━━ DATA TO PROCESS ━━

lemma fluxjac_eq:
  fixes G :: "real^2^2" and a :: 2
  assumes "transpose G = G"
    and P_deriv: "((\<lambda>x. P (fst x) (snd x)) has_derivative
                    (\<lambda>h. Pr (U$1) (U$5) * fst h + Pe (U$1) (U$5) * snd h)) (at (U$1, U$5))"
  shows "fluxjac G P a U =
    euler_flux_jacobian (U$1) (U$2) (U$3) (U$4) (total_energy G U)
      (P (U$1) (U$5)) (Pr (U$1) (U$5)) (Pe (U$1) (U$5)) (sqrt (det G))
      (matrix_inv G $ 1 $ a) (matrix_inv G $ 2 $ a) ((G *v crossvel U) $ 1) ((G *v crossvel U) $ 2)
      (crossvel U $ a) (if a = 1 then 1 else 0) (if a = 2 then 1 else 0)"
    (is "_ = ?J")
proof -
  have pressure: "((\<lambda>U. P (U$1) (U$5)) has_derivative (\<lambda>h. Pr (U$1) (U$5) * h$1 + Pe (U$1) (U$5) * h$5))
      (at U)"
  proof -
    have "((\<lambda>x. P (fst x) (snd x)) \<circ> (\<lambda>U. (U$1, U$5)) has_derivative
        (\<lambda>h. Pr (U$1) (U$5) * fst h + Pe (U$1) (U$5) * snd h) \<circ> (\<lambda>h. (h$1, h$5))) (at U)"
      by (intro diff_chain_at P_deriv bounded_linear_imp_has_derivative bounded_linear_Pair
          bounded_linear_vec_nth)
    then show ?thesis
      by (simp add: o_def)
  qed
  have "(flux G P a has_derivative (\<lambda>h. ?J *v h)) (at U)"
    unfolding flux_def[abs_def] Let_def
    apply (rule has_derivative_eq_rhs)
     apply (rule has_derivative_vector_5;
        (rule derivative_eq_intros pressure has_derivative_total_energy[OF assms(1)]
          bounded_linear_imp_has_derivative[OF bounded_linear_vec_nth]
          bounded_linear.has_derivative[OF bounded_linear_vec_nth]
          bounded_linear_imp_has_derivative[OF bounded_linear_crossvel] refl)+)
    by (simp add: fun_eq_iff vec_eq_iff forall_5 matrix_vector_mult_def sum_5 euler_flux_jacobian_def
        crossvel_nth algebra_simps)
  then show ?thesis
    unfolding fluxjac_def jacobian_def
    by (metis frechet_derivative_at matrix_of_matrix_vector_mul)
qed

lemma conical_charpoly_factorization:
  fixes rho v1 v2 c g qc k11 k12 k22 :: real and z :: complex
  defines "D \<equiv> v1^2 - k11 * c^2"
    and "lam_m \<equiv> (of_real (v1 * v2 - c^2 * k12) - of_real (c / sqrt g) * csqrt (of_real (qc^2 - c^2)))
                  / of_real (v1^2 - k11 * c^2)"
    and "lam_p \<equiv> (of_real (v1 * v2 - c^2 * k12) + of_real (c / sqrt g) * csqrt (of_real (qc^2 - c^2)))
                  / of_real (v1^2 - k11 * c^2)"
  assumes "rho \<noteq> 0" and "v1 \<noteq> 0" and "D \<noteq> 0" and "g > 0"
    and det_inverse: "k11 * k22 - k12^2 = 1 / g"
    and adjugate_form: "k22 * v1^2 - 2 * k12 * v1 * v2 + k11 * v2^2 = qc^2 / g"
  shows "(z * v1 - v2)^3 * (rho^2 * (z * v1 - v2)^2 - rho^2 * c^2 * (k11 * z^2 - 2 * k12 * z + k22))
           / (v1^3 * (rho^2 * v1^2 - rho^2 * c^2 * k11))
         = (z - of_real (v2 / v1))^3 * (z - lam_m) * (z - lam_p)"
proof -
  define b Y where "b = v1 * v2 - c^2 * k12" and "Y = v2^2 - c^2 * k22"
  define R where "R = of_real (c / sqrt g) * csqrt (of_real (qc^2 - c^2))"
  have "R^2 = of_real ((c / sqrt g)^2) * of_real (qc^2 - c^2)"
    by (simp only: R_def power_mult_distrib power2_csqrt of_real_power)
  also have "(c / sqrt g)^2 = c^2 / g"
    using \<open>g > 0\<close> by (simp add: power_divide)
  finally have R2: "R^2 = of_real (c^2 / g * (qc^2 - c^2))"
    by simp
  have "b^2 - D * Y = c^2 * (k22 * v1^2 - 2 * k12 * v1 * v2 + k11 * v2^2) - c^4 * (k11 * k22 - k12^2)"
    unfolding b_def Y_def D_def by algebra
  also have "\<dots> = c^2 / g * (qc^2 - c^2)"
    unfolding adjugate_form det_inverse
    using \<open>g > 0\<close> by (simp add: field_simps power2_eq_square power4_eq_xxxx)
  finally have "R^2 = of_real (b^2 - D * Y)"
    by (simp only: R2)
  then have "R^2 = (of_real b)^2 - of_real D * of_real Y"
    by simp
  moreover have "lam_m = (of_real b - R) / of_real D" and "lam_p = (of_real b + R) / of_real D"
    by (simp_all add: lam_m_def lam_p_def b_def R_def D_def)
  ultimately have roots: "(of_real D * z^2 - 2 * of_real b * z + of_real Y) / of_real D
      = (z - lam_m) * (z - lam_p)"
    using quadratic_eq_mult_roots[of "of_real D"] \<open>D \<noteq> 0\<close> by simp
  have quad: "rho^2 * (z * v1 - v2)^2 - rho^2 * c^2 * (k11 * z^2 - 2 * k12 * z + k22)
      = rho^2 * (D * z^2 - 2 * b * z + Y)"
    by (simp add: D_def b_def Y_def power2_eq_square algebra_simps)
  have den: "(v1^3 * (rho^2 * v1^2 - rho^2 * c^2 * k11) :: complex) = rho^2 * (v1^3 * D)"
    by (simp add: D_def algebra_simps)
  have "(z * v1 - v2)^3 * (rho^2 * (z * v1 - v2)^2 - rho^2 * c^2 * (k11 * z^2 - 2 * k12 * z + k22))
           / (v1^3 * (rho^2 * v1^2 - rho^2 * c^2 * k11))
      = (z * v1 - v2)^3 / v1^3 * ((D * z^2 - 2 * b * z + Y) / D)"
    unfolding quad den using \<open>rho \<noteq> 0\<close> by simp
  also have "(z * v1 - v2)^3 / v1^3 = (z - of_real (v2 / v1))^3"
    using \<open>v1 \<noteq> 0\<close> by (simp add: field_simps flip: power_divide)
  finally show ?thesis
    by (simp add: roots)
qed
lemma abs_dh_dv: "\<bar>dh\<bar> \<le> \<beta>\<^sup>2" "\<bar>dv\<bar> \<le> \<beta>\<^sup>2"
proof -
  have "\<bar>\<Sum>m\<le>N. u m * v m\<bar> \<le> \<beta>\<^sup>2" if "L2_set u {..N} \<le> \<beta>" "L2_set v {..N} \<le> \<beta>" for u v
  proof -
    have "\<bar>\<Sum>m\<le>N. u m * v m\<bar> \<le> (\<Sum>m\<le>N. \<bar>u m\<bar> * \<bar>v m\<bar>)"
      by (rule order_trans[OF sum_abs]) (simp add: abs_mult)
    also have "\<dots> \<le> L2_set u {..N} * L2_set v {..N}" by (rule L2_set_mult_ineq)
    also have "\<dots> \<le> \<beta> * \<beta>" using that \<beta>_pos by (intro mult_mono) auto
    finally show ?thesis by (simp add: power2_eq_square)
  qed
  thus "\<bar>dh\<bar> \<le> \<beta>\<^sup>2" "\<bar>dv\<bar> \<le> \<beta>\<^sup>2" unfolding dh_def dv_def using L2_set_gauge_vectors_le by blast+
qed

lemma near_id_gauged: "near_id R (14 * \<beta>) (gauged R)"
proof -
  have "\<beta> * \<beta> \<le> \<beta>" using \<beta>_pos \<beta>_small by (simp add: mult_left_le)
  hence small: "x + y + z \<le> 3 * \<beta>" if "x \<le> \<beta>" "y \<le> \<beta>" "z \<le> \<beta> * \<beta>" for x y z :: real
    using that by linarith
  have products: "L2_set bh {..R} * L2_set ah {..R} \<le> \<beta> * \<beta>"
    "L2_set bv {..R} * L2_set av {..R} \<le> \<beta> * \<beta>"
    using L2_set_gauge_vectors_le \<beta>_pos by (auto intro!: mult_mono)
  have "frob_norm R (gauge_dev ah bh) \<le> 3 * \<beta>" "frob_norm R (gauge_dev av bv) \<le> 3 * \<beta>"
    "frob_norm R (gauge_inv_dev ah bh dh) \<le> 3 * \<beta>" "frob_norm R (gauge_inv_dev av bv dv) \<le> 3 * \<beta>"
    using abs_dh_dv L2_set_gauge_vectors_le products
    by (auto intro!: order_trans[OF frob_norm_gauge_dev] order_trans[OF frob_norm_gauge_inv_dev] small
        simp: power2_eq_square)
  moreover have "(1 + 3 * \<beta>) ^ 4 - 1 \<le> 14 * \<beta>"
    using one_plus_pow4_minus_one_le[of "3 * \<beta>"] \<beta>_pos \<beta>_small by simp
  ultimately show ?thesis unfolding gauged_def by (intro near_id_mono[OF near_id_box_gauge])
qed

lemma box_norm_gauged_B_minus_B: "box_norm R (\<lambda>i j k l. gauged R B i j k l - B i j k l) \<le> 14 * \<beta>\<^sup>2"
proof -
  have "box_norm R (\<lambda>i j k l. gauged R B i j k l - B i j k l) \<le> 14 * \<beta> * box_norm R B"
    using near_id_gauged unfolding near_id_def by blast
  also have "\<dots> \<le> 14 * \<beta> * \<beta>" using box_norm_B \<beta>_pos by (intro mult_left_mono) auto
  finally show ?thesis by (simp add: power2_eq_square)
qed

lemma A_split: "A = (\<lambda>i j k l. A_star i j k l + B i j k l)"
  by (simp add: B_def)
text \<open>
  For real symmetric \<open>M\<close> the evolution \<open>exp (i M)\<close> is unitary. Perfect state transfer therefore
  makes \<open>w = exp (i t\<^sub>0 H) e\<^sub>2\<close> a unit multiple of \<open>e\<^sub>1\<close>, and the Duhamel formula gives
  \<open>\<parallel>exp (i (M + H\<^sub>0)) - exp (i M)\<parallel> \<le> \<parallel>H\<^sub>0\<parallel>\<close>. So the lost fidelity, which is the mass of the unit
  vector \<open>u = exp (i (t\<^sub>0 H + H\<^sub>0)) e\<^sub>2\<close> off vertex 1, is at most \<open>\<parallel>u - w\<parallel>\<^sup>2 \<le> \<parallel>H\<^sub>0\<parallel>\<^sup>2\<close>. This is already below the
  claimed bound with remainder constant 0.
\<close>

text \<open>
  \<open>blinfun\<close> carries no multiplication, so the endomorphisms of \<open>\<complex>\<^sup>n\<close> are wrapped in a type
  that is a Banach algebra under composition; its \<open>exp\<close> computes \<open>cmat_exp\<close>.
\<close>

typedef (overloaded) ('n::finite) linop = "UNIV :: ((complex^'n) \<Rightarrow>\<^sub>L (complex^'n)) set"
  morphisms blinfun_of_linop linop_of_blinfun by auto

setup_lifting type_definition_linop

instantiation linop :: (finite) real_normed_vector
begin
lift_definition norm_linop :: "'a linop \<Rightarrow> real" is norm .
lift_definition minus_linop :: "'a linop \<Rightarrow> 'a linop \<Rightarrow> 'a linop" is "(-)" .
lift_definition plus_linop :: "'a linop \<Rightarrow> 'a linop \<Rightarrow> 'a linop" is "(+)" .
lift_definition uminus_linop :: "'a linop \<Rightarrow> 'a linop" is uminus .
lift_definition zero_linop :: "'a linop" is 0 .
lift_definition scaleR_linop :: "real \<Rightarrow> 'a linop \<Rightarrow> 'a linop" is scaleR .
definition dist_linop :: "'a linop \<Rightarrow> 'a linop \<Rightarrow> real" where "dist_linop a b = norm (a - b)"
definition uniformity_linop :: "('a linop \<times> 'a linop) filter" where
  "uniformity_linop = (INF e\<in>{0 <..}. principal {(x, y). dist x y < e})"
definition open_linop :: "'a linop set \<Rightarrow> bool" where
  "open_linop S = (\<forall>x\<in>S. \<forall>\<^sub>F (x', y) in uniformity. x' = x \<longrightarrow> y \<in> S)"
definition sgn_linop :: "'a linop \<Rightarrow> 'a linop" where "sgn_linop x = scaleR (inverse (norm x)) x"
instance
  by standard
    (unfold dist_linop_def open_linop_def sgn_linop_def uniformity_linop_def,
     (rule refl | (transfer, force simp: norm_triangle_ineq algebra_simps scaleR_add_right scaleR_add_left))+)
end

instantiation linop :: (finite) real_normed_algebra_1
begin
lift_definition one_linop :: "'a linop" is id_blinfun .
lift_definition times_linop :: "'a linop \<Rightarrow> 'a linop \<Rightarrow> 'a linop" is "(o\<^sub>L)" .
instance
proof
  fix a b c :: "'a linop" and r :: real
  show "a * b * c = a * (b * c)" by transfer (auto intro!: blinfun_eqI)
  show "(a + b) * c = a * c + b * c" by transfer (auto intro!: blinfun_eqI simp: blinfun.bilinear_simps)
  show "a * (b + c) = a * b + a * c" by transfer (auto intro!: blinfun_eqI simp: blinfun.bilinear_simps)
  show "1 * a = a" by transfer (auto intro!: blinfun_eqI)
  show "a * 1 = a" by transfer (auto intro!: blinfun_eqI)
  show "r *\<^sub>R a * b = r *\<^sub>R (a * b)" by transfer (auto intro!: blinfun_eqI simp: blinfun.bilinear_simps)
  show "a * r *\<^sub>R b = r *\<^sub>R (a * b)" by transfer (auto intro!: blinfun_eqI simp: blinfun.bilinear_simps)
  show "norm (a * b) \<le> norm a * norm b" by transfer (rule norm_blinfun_compose)
  have nonzero: "(axis undefined 1 :: complex^'a) \<noteq> 0" by (simp add: axis_eq_0_iff)
  show "(0::'a linop) \<noteq> 1"
  proof
    assume "(0::'a linop) = 1"
    then have "(0 :: (complex^'a) \<Rightarrow>\<^sub>L (complex^'a)) = id_blinfun" by transfer
    then have "blinfun_apply (0 :: (complex^'a) \<Rightarrow>\<^sub>L (complex^'a)) (axis undefined 1) = axis undefined 1"
      by (metis blinfun_apply_id_blinfun)
    with nonzero show False by simp
  qed
  show "norm (1::'a linop) = 1"
  proof transfer
    show "norm (id_blinfun :: (complex^'a) \<Rightarrow>\<^sub>L (complex^'a)) = 1"
      by (rule norm_blinfun_eqI[where x="axis undefined 1"]) (use nonzero in auto)
  qed
qed
end

instance linop :: (finite) banach
proof
  fix X :: "nat \<Rightarrow> 'a linop"
  assume "Cauchy X"
  then have "Cauchy (\<lambda>k. blinfun_of_linop (X k))"
    unfolding Cauchy_def dist_norm dist_linop_def by (simp add: norm_linop.rep_eq minus_linop.rep_eq)
  then obtain L where L: "(\<lambda>k. blinfun_of_linop (X k)) \<longlonglongrightarrow> L"
    using Cauchy_convergent_iff convergent_def by blast
  have "X \<longlonglongrightarrow> linop_of_blinfun L"
    using L unfolding LIMSEQ_def dist_norm dist_linop_def
    by (simp add: norm_linop.rep_eq minus_linop.rep_eq linop_of_blinfun_inverse)
  then show "convergent X" by (auto simp: convergent_def)
qed

lemma linop_eqI:
  "(\<And>v. blinfun_of_linop A v = blinfun_of_linop B v) \<Longrightarrow> A = B"
  by (metis blinfun_eqI blinfun_of_linop_inject)
(* Let $K$ be a twisted knot diagram with an even number of bars, and consider colorings of $K$ by the twisted biquandle $(\mathbb{Z}_{S(K)},\ a\ast b=a\circ b=a+1,\ f(a)=-a)$ (with $\mathbb{Z}_0=\mathbb{Z}$). For a coloring $F$ and a real crossing $c$ let $\mathrm{Ind}_F(c)=y-x\in\mathbb{Z}_{S(K)}$. Then: (i) if $c\in C_e(K)$, $\mathrm{Ind}_F(c)$ does not depend on the coloring $F$; (ii) if $c\in C_o(K)$, then as $F$ ranges over all colorings, the set of values $\{\mathrm{Ind}_F(c)\}$ is exactly the set of all even elements or exactly the set of all odd elements of $\mathbb{Z}_{S(K)}$.
   Context: A twisted knot diagram is a virtual knot diagram with finitely many bars on its edges. With $2n$ bars cutting $K$ into edges $e_1,\dots,e_{2n}$ (consecutive along the orientation), $s(e)=u_+(e)+o_-(e)-u_-(e)-o_+(e)$ where $o_\pm(e)$ (resp. $u_\pm(e)$) counts positive/negative crossings at which $e$ is the over- (resp. under-) strand, and $S(K)=\left|\sum_{i=1}^n s(e_{2i-1})-\sum_{i=1}^n s(e_{2i})\right|$ ($S(K)=0$ if no bars); $S(K)$ is always even, so parity in $\mathbb{Z}_{S(K)}$ is well defined. Segments are the pieces between real crossings and bars. A coloring labels segments by elements of $\mathbb{Z}_{S(K)}$ so that at each real crossing, with $x$ the label of the under-strand segment to the right of the over-strand and $y$ the label of the over-strand segment to the right of the under-strand (right with respect to strand orientations), the other under-segment is labeled $x+1$ and the other over-segment $y+1$, and labels on the two sides of a bar are negatives of each other. In the Gauss diagram of $K$ (a circle with one chord per real crossing, with the bars marked as points on the circle), each chord $c$ splits the circle into two arcs; since the total number of bars is even, either both arcs contain an even number of bars ($c\in C_e(K)$) or both contain an odd number ($c\in C_o(K)$). *)

theory Defs
  imports "HOL-Number_Theory.Cong"
begin
(* Consider the HYZ12 protocol with $k$ sites and accuracy parameter $\varepsilon$ with $\varepsilon\sqrt{k}<1$, run on the event stream generated by the round-robin adversary (both described in the context). Fix the transcript (all states of the adversary, sites and server) up to the initiation of a round at event count $n_0\ge 4\sqrt{k}/\varepsilon$, and consider the execution from event $n_0+1$ onward. Let $R$ be the number of distinct sites that send a Report message to the server during the next $n_0$ events. Then \[ \Pr\!\left[R>\tfrac{k}{8}\right]\;\ge\;1-\exp\!\left(-\tfrac{\sqrt{k}}{32\varepsilon}\right). \]
   Context: Distributed counting: a server and $k$ sites; events arrive one at a time, each at some site; $n_i$ is the number of events at site $i$ so far and $n=\sum_in_i$ is the event count. ${\rm Geom}(q)$ is the geometric distribution on $\{1,2,\dots\}$. Doubling subprotocol: each site, after incrementing $n_i$, sends $(i,n_i)$ to the server whenever $n_i$ is a power of $2$. The server keeps $n'_i$ (initially $0$), $n'=\sum_in'_i$, threshold $\tau=1$; upon receiving $(i,n_i)$ it sets $n'\gets n'+n_i-n'_i$, $n'_i\gets n_i$, and if $n'\ge2\tau$ triggers BoundaryReached$(n')$ and sets $\tau\gets n'$. HYZ12 protocol: each site keeps a transmission probability $p$ (initially $1$, updated by server broadcasts) and $n_i$; on each event at site $i$, $n_i\gets n_i+1$ and independently with probability $p$ the site sends Report$(i,n_i)$. The server keeps $\bar n_i=\hat n_i=0$ for each $i$ and $p=1$. On Report$(i,\bar n)$: $\bar n_i\gets\bar n$, $\hat n_i\gets\bar n_i-1+1/p$, publish $\hat n=\sum_j\hat n_j$. On BoundaryReached$(n')$ (reports processed first): a new round starts; $p_{\rm old}\gets p$, $p\gets2^{\min\{0,\lfloor\log_2(\sqrt k/(\varepsilon n'))\rfloor\}}$; if $p<1$, for each $i$ sample independently $Z_i=B\cdot G$, $B\sim{\rm Bernoulli}(1-p/p_{\rm old})$, $G\sim{\rm Geom}(p)$, set $\bar n_i\gets\max\{0,\bar n_i-Z_i\}$, $\hat n_i\gets0$ if $\bar n_i=0$ else $\bar n_i-1+1/p$, and broadcast $p$. Round-robin adversary: start with current site $i=1$ and record the current published estimate $\hat n_{\rm last}$. Repeatedly inject events at the current site $i$ until the published estimate differs from $\hat n_{\rm last}$; then set $\hat n_{\rm last}$ to the new estimate and move to site $1+(i\bmod k)$. *)

theory Defs
  imports "HOL-Probability.Probability"
begin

━━━

### YOUR ASSIGNMENT
Exactly the lines above from the one with "and r :: real" to the one with "by (metis blinfun_apply_id_blinfun)", both included, are to be quoted; leave the rest out.

### EXERCISE RESULT
  fix a b c :: "'a linop" and r :: real
  show "a * b * c = a * (b * c)" by transfer (auto intro!: blinfun_eqI)
  show "(a + b) * c = a * c + b * c" by transfer (auto intro!: blinfun_eqI simp: blinfun.bilinear_simps)
  show "a * (b + c) = a * b + a * c" by transfer (auto intro!: blinfun_eqI simp: blinfun.bilinear_simps)
  show "1 * a = a" by transfer (auto intro!: blinfun_eqI)
  show "a * 1 = a" by transfer (auto intro!: blinfun_eqI)
  show "r *\<^sub>R a * b = r *\<^sub>R (a * b)" by transfer (auto intro!: blinfun_eqI simp: blinfun.bilinear_simps)
  show "a * r *\<^sub>R b = r *\<^sub>R (a * b)" by transfer (auto intro!: blinfun_eqI simp: blinfun.bilinear_simps)
  show "norm (a * b) \<le> norm a * norm b" by transfer (rule norm_blinfun_compose)
  have nonzero: "(axis undefined 1 :: complex^'a) \<noteq> 0" by (simp add: axis_eq_0_iff)
  show "(0::'a linop) \<noteq> 1"
  proof
    assume "(0::'a linop) = 1"
    then have "(0 :: (complex^'a) \<Rightarrow>\<^sub>L (complex^'a)) = id_blinfun" by transfer
    then have "blinfun_apply (0 :: (complex^'a) \<Rightarrow>\<^sub>L (complex^'a)) (axis undefined 1) = axis undefined 1"
      by (metis blinfun_apply_id_blinfun)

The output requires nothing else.